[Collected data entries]
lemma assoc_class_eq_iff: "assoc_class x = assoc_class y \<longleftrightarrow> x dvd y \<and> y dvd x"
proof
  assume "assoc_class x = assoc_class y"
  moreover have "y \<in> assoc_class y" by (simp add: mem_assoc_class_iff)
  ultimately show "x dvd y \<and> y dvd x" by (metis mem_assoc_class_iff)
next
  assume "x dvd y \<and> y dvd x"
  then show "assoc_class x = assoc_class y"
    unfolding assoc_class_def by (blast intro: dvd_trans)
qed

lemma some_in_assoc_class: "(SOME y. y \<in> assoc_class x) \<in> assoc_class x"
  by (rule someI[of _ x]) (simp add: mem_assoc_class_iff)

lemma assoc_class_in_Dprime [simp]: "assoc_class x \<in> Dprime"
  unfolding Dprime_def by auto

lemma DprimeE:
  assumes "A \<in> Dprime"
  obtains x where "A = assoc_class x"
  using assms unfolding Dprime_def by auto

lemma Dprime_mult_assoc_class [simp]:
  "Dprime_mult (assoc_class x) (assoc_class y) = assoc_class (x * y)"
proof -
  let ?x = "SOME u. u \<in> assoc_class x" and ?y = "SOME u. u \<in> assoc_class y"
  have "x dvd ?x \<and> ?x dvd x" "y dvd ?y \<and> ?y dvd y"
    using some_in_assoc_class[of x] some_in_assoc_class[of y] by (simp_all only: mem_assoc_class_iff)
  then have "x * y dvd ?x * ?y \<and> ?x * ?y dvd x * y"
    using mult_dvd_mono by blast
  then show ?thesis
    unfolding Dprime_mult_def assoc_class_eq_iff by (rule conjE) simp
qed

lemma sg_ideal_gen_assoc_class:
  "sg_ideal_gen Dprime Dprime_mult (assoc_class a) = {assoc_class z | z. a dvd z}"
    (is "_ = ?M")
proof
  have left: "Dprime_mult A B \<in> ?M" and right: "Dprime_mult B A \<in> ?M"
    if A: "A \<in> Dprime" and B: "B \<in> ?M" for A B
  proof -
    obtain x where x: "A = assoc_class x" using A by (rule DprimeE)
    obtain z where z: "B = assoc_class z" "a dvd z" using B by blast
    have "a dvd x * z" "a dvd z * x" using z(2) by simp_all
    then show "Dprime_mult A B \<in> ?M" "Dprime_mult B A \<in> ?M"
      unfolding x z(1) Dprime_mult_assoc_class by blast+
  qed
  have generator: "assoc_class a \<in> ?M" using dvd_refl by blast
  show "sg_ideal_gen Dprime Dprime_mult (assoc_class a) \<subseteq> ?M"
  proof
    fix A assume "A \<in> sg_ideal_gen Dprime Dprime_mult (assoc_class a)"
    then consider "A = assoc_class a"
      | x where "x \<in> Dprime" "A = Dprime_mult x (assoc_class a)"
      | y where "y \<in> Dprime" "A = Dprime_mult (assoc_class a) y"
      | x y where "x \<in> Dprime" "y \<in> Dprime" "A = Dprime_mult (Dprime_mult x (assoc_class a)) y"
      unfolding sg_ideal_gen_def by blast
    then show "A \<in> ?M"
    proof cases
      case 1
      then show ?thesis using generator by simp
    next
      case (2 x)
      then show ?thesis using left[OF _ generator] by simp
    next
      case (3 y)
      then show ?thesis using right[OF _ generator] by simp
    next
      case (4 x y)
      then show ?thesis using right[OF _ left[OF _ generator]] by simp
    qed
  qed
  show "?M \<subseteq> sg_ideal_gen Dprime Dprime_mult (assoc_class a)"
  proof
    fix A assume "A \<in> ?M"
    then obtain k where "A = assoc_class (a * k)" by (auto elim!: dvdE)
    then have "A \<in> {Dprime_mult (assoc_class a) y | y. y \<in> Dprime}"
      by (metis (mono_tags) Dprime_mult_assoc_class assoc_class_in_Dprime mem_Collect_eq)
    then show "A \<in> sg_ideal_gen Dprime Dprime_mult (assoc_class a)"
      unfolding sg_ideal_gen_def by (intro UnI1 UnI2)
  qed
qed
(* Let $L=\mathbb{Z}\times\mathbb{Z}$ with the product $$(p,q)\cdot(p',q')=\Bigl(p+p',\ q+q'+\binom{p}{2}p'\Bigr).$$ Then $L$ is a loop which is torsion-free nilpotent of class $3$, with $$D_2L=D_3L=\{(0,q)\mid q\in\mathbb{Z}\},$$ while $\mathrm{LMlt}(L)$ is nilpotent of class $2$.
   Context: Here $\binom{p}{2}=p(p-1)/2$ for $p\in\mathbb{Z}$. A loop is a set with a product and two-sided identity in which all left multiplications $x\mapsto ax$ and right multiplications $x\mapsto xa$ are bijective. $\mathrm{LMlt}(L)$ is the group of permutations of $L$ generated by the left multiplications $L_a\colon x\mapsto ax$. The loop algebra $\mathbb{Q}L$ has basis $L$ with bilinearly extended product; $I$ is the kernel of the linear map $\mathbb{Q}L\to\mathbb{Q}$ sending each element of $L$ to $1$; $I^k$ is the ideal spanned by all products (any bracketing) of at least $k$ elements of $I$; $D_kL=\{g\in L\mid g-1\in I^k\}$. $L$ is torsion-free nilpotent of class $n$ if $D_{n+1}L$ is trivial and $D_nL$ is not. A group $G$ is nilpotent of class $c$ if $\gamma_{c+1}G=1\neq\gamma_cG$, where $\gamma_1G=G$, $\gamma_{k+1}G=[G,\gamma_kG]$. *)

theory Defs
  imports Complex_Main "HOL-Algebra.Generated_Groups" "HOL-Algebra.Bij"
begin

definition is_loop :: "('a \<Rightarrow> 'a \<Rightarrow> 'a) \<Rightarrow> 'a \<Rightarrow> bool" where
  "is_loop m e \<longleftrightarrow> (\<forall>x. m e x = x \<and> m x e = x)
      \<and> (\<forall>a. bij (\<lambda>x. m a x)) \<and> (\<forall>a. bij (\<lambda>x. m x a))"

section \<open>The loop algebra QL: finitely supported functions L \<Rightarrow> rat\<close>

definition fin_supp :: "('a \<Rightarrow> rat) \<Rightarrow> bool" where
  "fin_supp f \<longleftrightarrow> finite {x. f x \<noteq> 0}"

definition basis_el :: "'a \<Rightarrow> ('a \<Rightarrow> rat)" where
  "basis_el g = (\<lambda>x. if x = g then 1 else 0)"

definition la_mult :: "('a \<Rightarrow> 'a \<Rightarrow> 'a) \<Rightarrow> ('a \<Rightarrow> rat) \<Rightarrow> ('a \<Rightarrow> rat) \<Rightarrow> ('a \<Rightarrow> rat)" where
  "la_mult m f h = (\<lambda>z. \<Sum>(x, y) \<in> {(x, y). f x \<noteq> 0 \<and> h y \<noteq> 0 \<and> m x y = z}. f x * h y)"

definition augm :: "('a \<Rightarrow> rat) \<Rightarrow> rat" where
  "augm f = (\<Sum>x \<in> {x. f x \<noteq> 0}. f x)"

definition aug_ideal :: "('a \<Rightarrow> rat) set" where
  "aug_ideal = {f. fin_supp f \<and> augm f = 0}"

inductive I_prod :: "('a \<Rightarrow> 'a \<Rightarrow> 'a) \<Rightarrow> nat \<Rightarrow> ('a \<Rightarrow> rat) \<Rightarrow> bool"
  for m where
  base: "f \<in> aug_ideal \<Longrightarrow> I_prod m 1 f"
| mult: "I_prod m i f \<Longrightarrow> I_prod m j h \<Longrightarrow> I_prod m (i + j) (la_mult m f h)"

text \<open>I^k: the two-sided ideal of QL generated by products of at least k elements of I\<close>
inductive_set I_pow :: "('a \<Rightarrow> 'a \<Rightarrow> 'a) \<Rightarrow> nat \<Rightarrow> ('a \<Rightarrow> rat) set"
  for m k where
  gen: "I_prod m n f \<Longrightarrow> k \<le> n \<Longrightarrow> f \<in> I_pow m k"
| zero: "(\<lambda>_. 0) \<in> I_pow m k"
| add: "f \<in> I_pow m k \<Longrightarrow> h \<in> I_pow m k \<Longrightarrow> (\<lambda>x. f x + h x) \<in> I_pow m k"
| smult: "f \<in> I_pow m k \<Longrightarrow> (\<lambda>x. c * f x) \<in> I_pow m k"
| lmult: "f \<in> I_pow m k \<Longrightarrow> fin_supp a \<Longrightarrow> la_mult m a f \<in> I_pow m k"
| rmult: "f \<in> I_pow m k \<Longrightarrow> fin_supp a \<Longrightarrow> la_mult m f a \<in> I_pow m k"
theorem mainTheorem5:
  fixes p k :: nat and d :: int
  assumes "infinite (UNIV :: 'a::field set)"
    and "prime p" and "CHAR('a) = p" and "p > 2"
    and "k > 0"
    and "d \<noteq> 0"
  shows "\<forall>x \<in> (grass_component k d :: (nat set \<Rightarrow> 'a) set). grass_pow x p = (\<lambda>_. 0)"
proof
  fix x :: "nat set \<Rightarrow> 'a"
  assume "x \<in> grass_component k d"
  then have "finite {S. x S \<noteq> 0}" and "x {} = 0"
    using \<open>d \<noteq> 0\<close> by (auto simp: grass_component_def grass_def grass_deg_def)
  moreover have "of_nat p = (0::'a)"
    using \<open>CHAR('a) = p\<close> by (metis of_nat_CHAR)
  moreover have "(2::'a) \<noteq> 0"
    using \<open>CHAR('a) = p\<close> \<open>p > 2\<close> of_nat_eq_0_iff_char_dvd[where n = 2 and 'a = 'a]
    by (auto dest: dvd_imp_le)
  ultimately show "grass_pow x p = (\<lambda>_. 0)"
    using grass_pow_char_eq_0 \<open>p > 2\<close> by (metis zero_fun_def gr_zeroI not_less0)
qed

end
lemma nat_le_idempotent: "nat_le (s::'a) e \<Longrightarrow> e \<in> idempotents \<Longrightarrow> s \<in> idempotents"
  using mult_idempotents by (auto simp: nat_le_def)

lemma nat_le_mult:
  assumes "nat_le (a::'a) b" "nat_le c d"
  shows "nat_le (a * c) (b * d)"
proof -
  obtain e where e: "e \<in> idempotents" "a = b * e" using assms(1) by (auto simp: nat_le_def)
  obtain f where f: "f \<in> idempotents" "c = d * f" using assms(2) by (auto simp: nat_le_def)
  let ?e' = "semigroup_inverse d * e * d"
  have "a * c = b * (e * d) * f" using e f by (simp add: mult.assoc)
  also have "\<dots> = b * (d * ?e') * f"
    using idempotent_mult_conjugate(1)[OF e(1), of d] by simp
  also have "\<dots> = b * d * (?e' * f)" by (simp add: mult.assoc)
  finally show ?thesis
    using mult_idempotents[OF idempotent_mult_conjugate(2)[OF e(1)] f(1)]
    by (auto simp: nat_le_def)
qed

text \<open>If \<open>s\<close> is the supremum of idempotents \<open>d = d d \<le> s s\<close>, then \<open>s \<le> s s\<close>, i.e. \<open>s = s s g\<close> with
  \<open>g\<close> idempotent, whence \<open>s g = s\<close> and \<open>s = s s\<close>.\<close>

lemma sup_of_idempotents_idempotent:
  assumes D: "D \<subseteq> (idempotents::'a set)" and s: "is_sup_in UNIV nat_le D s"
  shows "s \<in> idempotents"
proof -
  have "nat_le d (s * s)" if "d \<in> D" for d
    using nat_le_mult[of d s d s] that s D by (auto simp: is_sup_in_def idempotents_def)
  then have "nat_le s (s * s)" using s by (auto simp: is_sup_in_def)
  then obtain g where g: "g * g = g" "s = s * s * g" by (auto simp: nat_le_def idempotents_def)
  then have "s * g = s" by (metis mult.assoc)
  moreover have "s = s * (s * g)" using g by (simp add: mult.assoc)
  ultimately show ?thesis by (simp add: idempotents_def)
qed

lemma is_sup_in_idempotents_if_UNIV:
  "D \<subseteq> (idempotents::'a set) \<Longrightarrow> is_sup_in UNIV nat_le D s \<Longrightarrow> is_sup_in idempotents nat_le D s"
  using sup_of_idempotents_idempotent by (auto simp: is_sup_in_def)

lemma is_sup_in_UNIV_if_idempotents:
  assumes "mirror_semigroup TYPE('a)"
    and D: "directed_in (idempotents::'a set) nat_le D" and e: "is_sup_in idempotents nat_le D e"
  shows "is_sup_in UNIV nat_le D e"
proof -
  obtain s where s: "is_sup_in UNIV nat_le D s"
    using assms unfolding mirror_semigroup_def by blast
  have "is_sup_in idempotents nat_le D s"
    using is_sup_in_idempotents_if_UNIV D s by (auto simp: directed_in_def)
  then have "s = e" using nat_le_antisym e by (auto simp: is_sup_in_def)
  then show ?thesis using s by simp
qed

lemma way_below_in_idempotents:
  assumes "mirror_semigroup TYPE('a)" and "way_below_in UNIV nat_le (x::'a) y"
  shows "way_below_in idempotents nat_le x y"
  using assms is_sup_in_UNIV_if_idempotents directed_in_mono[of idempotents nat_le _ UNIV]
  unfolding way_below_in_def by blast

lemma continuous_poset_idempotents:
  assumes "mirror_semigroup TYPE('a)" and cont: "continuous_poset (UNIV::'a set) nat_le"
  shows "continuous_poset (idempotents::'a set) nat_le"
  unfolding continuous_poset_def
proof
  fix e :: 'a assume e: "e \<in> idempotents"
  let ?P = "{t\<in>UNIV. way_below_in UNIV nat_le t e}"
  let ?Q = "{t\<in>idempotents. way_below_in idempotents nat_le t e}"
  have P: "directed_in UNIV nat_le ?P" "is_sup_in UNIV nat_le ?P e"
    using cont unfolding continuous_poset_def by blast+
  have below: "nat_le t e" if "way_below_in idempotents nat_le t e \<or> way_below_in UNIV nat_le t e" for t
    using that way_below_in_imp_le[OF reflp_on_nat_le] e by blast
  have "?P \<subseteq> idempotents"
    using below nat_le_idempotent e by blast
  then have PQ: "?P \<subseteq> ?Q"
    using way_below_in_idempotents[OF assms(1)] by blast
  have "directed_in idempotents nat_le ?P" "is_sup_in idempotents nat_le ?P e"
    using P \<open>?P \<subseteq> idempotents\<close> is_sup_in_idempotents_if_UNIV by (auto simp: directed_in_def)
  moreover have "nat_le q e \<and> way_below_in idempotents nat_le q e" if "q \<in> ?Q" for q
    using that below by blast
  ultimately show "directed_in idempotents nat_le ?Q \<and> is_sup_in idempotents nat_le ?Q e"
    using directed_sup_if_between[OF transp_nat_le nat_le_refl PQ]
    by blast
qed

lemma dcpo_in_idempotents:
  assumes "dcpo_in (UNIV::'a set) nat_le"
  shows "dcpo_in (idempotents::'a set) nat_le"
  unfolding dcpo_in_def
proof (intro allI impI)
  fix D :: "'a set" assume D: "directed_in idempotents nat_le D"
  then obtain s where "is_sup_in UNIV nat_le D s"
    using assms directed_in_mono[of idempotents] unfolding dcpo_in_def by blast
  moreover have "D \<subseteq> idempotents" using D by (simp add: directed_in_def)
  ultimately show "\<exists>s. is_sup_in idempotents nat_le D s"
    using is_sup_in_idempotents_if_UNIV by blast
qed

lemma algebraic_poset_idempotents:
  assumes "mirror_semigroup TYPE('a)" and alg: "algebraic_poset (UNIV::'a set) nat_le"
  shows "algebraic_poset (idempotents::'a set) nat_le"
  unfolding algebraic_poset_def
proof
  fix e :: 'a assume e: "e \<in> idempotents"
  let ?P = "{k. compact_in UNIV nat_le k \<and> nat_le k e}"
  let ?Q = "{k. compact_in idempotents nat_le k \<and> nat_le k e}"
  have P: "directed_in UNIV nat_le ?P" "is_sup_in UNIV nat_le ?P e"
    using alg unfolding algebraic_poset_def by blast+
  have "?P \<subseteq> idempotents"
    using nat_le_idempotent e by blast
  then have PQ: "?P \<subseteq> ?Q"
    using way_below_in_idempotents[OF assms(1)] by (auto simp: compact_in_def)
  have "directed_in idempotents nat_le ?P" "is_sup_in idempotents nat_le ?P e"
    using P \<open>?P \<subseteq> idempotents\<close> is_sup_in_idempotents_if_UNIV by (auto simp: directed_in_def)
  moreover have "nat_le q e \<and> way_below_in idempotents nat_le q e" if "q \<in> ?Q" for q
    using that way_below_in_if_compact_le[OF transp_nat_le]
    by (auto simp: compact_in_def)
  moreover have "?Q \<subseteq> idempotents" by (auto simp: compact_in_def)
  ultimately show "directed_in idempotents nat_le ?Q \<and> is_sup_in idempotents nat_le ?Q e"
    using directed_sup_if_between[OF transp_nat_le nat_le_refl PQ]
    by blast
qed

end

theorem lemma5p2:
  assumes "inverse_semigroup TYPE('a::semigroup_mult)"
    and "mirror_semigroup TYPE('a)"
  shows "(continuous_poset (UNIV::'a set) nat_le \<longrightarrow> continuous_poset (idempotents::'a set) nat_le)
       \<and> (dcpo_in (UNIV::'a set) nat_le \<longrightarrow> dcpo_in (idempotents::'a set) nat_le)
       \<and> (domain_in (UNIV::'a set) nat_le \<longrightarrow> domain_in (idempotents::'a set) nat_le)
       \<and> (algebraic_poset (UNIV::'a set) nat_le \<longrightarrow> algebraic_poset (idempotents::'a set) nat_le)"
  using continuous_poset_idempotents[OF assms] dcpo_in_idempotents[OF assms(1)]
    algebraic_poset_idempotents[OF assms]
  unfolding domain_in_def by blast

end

REQUIRED ACTION:
When a line in the entries above contains "longleftrightarrow", count it; please answer with the number only.

TASK ANSWER:
3